I wish to write a regex that will match strings with numbers.
I have the following regular expression which kind of works:
[a-z0-9]*([a-z]+[0-9]+)+[a-z0-9]*
results:
abc1234aa121aaa //Matches
abc123 //Matches
12abc123sd12 //Matches
abcaaaaaa //Does not match
ab12b12b12b2321b3 //Matches
ab12b12b12b2321b //Matches
1abc1234aa121aaa //Matches
v2 //Matches
but it doesn't work if I wanted to match strings with length 5 or greater
([a-z0-9]*([a-z]+[0-9]+)+[a-z0-9]*){5,}
(?=\w{5,})\w*[0-9]+\w*
This should help you. This regex matches any string of word characters (That's the \w*[0-9]+\w*, where \w is shorthand for [a-zA-Z0-9_])
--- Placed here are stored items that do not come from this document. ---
(* Let $n\in\mathbb{N}$, $\boldsymbol{A}\in\mathbb{R}^{n\times n}$, $\boldsymbol{b}\in\mathbb{R}^n$ with $(\boldsymbol{A},\boldsymbol{b})$ controllable, and $g:\mathbb{R}^n\to\mathbb{R}$ with $g(\boldsymbol{0})\neq 0$. Let $\mathcal{X}=\bigcup_{i=1}^s\mathcal{X}_i\subset\mathbb{R}^n$ with $s\in\mathbb{N}$ and each $\mathcal{X}_i$ convex, such that for every $i$ either ($g\ge 0$ on $\mathcal{X}_i$ and $g$ concave on $\mathcal{X}_i$) or ($g\le 0$ on $\mathcal{X}_i$ and $g$ convex on $\mathcal{X}_i$); assume $\boldsymbol{0}\in\mathrm{int}(\mathcal{X}_1)$ and $\mathcal{U}=[\underline{u},\overline{u}]$ with $\underline{u}<0<\overline{u}$. Let $\boldsymbol{c}\in\mathbb{R}^n$ satisfy $\boldsymbol{c}^\top\boldsymbol{A}^{i}\boldsymbol{b}=0$ for $i\in\{0,\dots,n-2\}$ and $\boldsymbol{c}^\top\boldsymbol{A}^{n-1}\boldsymbol{b}\neq0$, let $b_0\neq0$, $a_0,\dots,a_{n-1}\in\mathbb{R}$, $\beta:=\boldsymbol{c}^\top\boldsymbol{A}^{n-1}\boldsymbol{b}$, $\boldsymbol{\alpha}^\top:=\boldsymbol{c}^\top(\boldsymbol{A}^n+\sum_{i=0}^{n-1}a_i\boldsymbol{A}^i)$. Let $\hat\ell:\mathbb{R}^n\times\mathbb{R}\to\mathbb{R}$ be positive definite, and define $\ell:\mathbb{R}^n\times\mathbb{R}\to\mathbb{R}$ by $$\ell(\boldsymbol{x},u):=\hat\ell\Big(\boldsymbol{x},\frac{\beta g(\boldsymbol{x})u+\boldsymbol{\alpha}^\top\boldsymbol{x}}{b_0}\Big).$$ Then $\ell$ is positive definite.
   Context: A function $F:\mathbb{R}^n\times\mathbb{R}\to\mathbb{R}$ is called positive definite if $F(\boldsymbol{0},0)=0$ and $F(\boldsymbol{x},w)>0$ for all $(\boldsymbol{x},w)\neq(\boldsymbol{0},0)$. Here $\hat\ell$ is a stage cost in terms of the state and an artificial input $v$ of the exactly linearized version of the system $\boldsymbol{x}(k+1)=\boldsymbol{A}\boldsymbol{x}(k)+g(\boldsymbol{x}(k))\boldsymbol{b}\,u(k)$, and $\ell$ is the induced stage cost in terms of the original input $u$. *)

theory Defs
  imports "HOL-Analysis.Analysis"
begin

fun mat_pow :: "real^'n^'n \<Rightarrow> nat \<Rightarrow> real^'n^'n" where
  "mat_pow A 0 = mat 1"
| "mat_pow A (Suc k) = A ** mat_pow A k"

text \<open>(A,b) controllable: the Kalman controllability matrix [b, Ab, ..., A^(n-1) b]
  has full rank n, i.e. its columns span R^n.\<close>
definition controllable :: "real^'n^'n \<Rightarrow> real^'n \<Rightarrow> bool" where
  "controllable A b \<longleftrightarrow> span {mat_pow A i *v b | i. i < CARD('n)} = UNIV"

definition pos_definite :: "((real^'n) \<times> real \<Rightarrow> real) \<Rightarrow> bool" where
  "pos_definite F \<longleftrightarrow> F (0, 0) = 0 \<and> (\<forall>x w. (x, w) \<noteq> (0, 0) \<longrightarrow> F (x, w) > 0)"

end

theory Submission
  imports Defs
begin

text \<open>The stage cost \<open>\<ell>(x, u) = lhat(x, v(x, u))\<close> only reparametrises the input for each
  fixed state. Away from \<open>x = 0\<close> positivity is inherited from \<open>lhat\<close> directly; at \<open>x = 0\<close>
  the artificial input is \<open>v(0, u) = \<beta> g(0) u / b\<^sub>0\<close>, which vanishes only for \<open>u = 0\<close>
  because \<open>\<beta>\<close>, \<open>g(0)\<close> and \<open>b\<^sub>0\<close> are nonzero.\<close>

lemma pos_definite_reparam_input:
  fixes F :: "(real^'n) \<times> real \<Rightarrow> real" and h :: "real^'n \<Rightarrow> real \<Rightarrow> real"
  assumes "pos_definite F"
    and "h 0 0 = 0"
    and "\<And>u. u \<noteq> 0 \<Longrightarrow> h 0 u \<noteq> 0"
  shows "pos_definite (\<lambda>(x, u). F (x, h x u))"
proof -
  have "(x, h x u) \<noteq> (0, 0)" if "(x, u) \<noteq> (0, 0)" for x u
    using that assms(3) by (cases "x = 0") auto
  then show ?thesis
    using assms(1,2) by (auto simp: pos_definite_def)
qed

theorem proposition1:
  fixes A :: "real^'n^'n" and b c :: "real^'n" and g :: "real^'n \<Rightarrow> real"
    and s :: nat and X :: "nat \<Rightarrow> (real^'n) set" and ul uu :: real
    and b0 :: real and a :: "nat \<Rightarrow> real"
    and lhat :: "(real^'n) \<times> real \<Rightarrow> real"
  assumes ctrl: "controllable A b"
    and g0: "g 0 \<noteq> 0"
    and Xconv: "\<forall>i\<in>{1..s}. convex (X i)"
    and Xg: "\<forall>i\<in>{1..s}. ((\<forall>x\<in>X i. g x \<ge> 0) \<and> concave_on (X i) g)
                          \<or> ((\<forall>x\<in>X i. g x \<le> 0) \<and> convex_on (X i) g)"
    and X1: "1 \<le> s" "0 \<in> interior (X 1)"
    and U: "ul < 0" "0 < uu"
    and c_rel: "\<forall>i. i + 2 \<le> CARD('n) \<longrightarrow> c \<bullet> (mat_pow A i *v b) = 0"
    and c_nz: "c \<bullet> (mat_pow A (CARD('n) - 1) *v b) \<noteq> 0"
    and b0: "b0 \<noteq> 0"
    and lhat: "pos_definite lhat"
  shows "let \<beta> = c \<bullet> (mat_pow A (CARD('n) - 1) *v b);
             M = mat_pow A (CARD('n)) + (\<Sum>i<CARD('n). a i *\<^sub>R mat_pow A i);
             \<alpha>x = (\<lambda>x. c \<bullet> (M *v x))
         in pos_definite (\<lambda>(x, u). lhat (x, (\<beta> * g x * u + \<alpha>x x) / b0))"
proof -
  define \<beta> where "\<beta> = c \<bullet> (mat_pow A (CARD('n) - 1) *v b)"
  define M where "M = mat_pow A (CARD('n)) + (\<Sum>i<CARD('n). a i *\<^sub>R mat_pow A i)"
  have "pos_definite (\<lambda>(x, u). lhat (x, (\<beta> * g x * u + c \<bullet> (M *v x)) / b0))"
  proof (rule pos_definite_reparam_input[OF lhat])
    show "(\<beta> * g 0 * 0 + c \<bullet> (M *v 0)) / b0 = 0"
      by simp
    fix u :: real
    assume "u \<noteq> 0"
    then show "(\<beta> * g 0 * u + c \<bullet> (M *v 0)) / b0 \<noteq> 0"
      using g0 c_nz b0 unfolding \<beta>_def by simp
  qed
  then show ?thesis
    unfolding \<beta>_def M_def Let_def .
qed

end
At the beginning, there is a positive lookahead which asserts that there are at least 5 word characters in a row in the match. This way, any less than 5 characters in the word will fail the lookahead.
In the first pattern v2
matches but as you have a fixed order [az]+[0-9]+
then 2v
would for example not match.
As you use a quantifier {5,}
in the second pattern and use [az]+[0-9]+
the minimum length would be at least 10.
If you want to match a string with alphabets AND numbers with length greater than n
so only digits should not match, you could use:
\b(?=[a-z0-9]{5,})(?=[a-z0-9]*[a-z])[a-z0-9]*[0-9][a-z0-9]*\b
\b
Word boundary (?=[a-z0-9]{5,})
Assert 5 or more times a char az or a digit 0-9 (?=[a-z0-9]*[az])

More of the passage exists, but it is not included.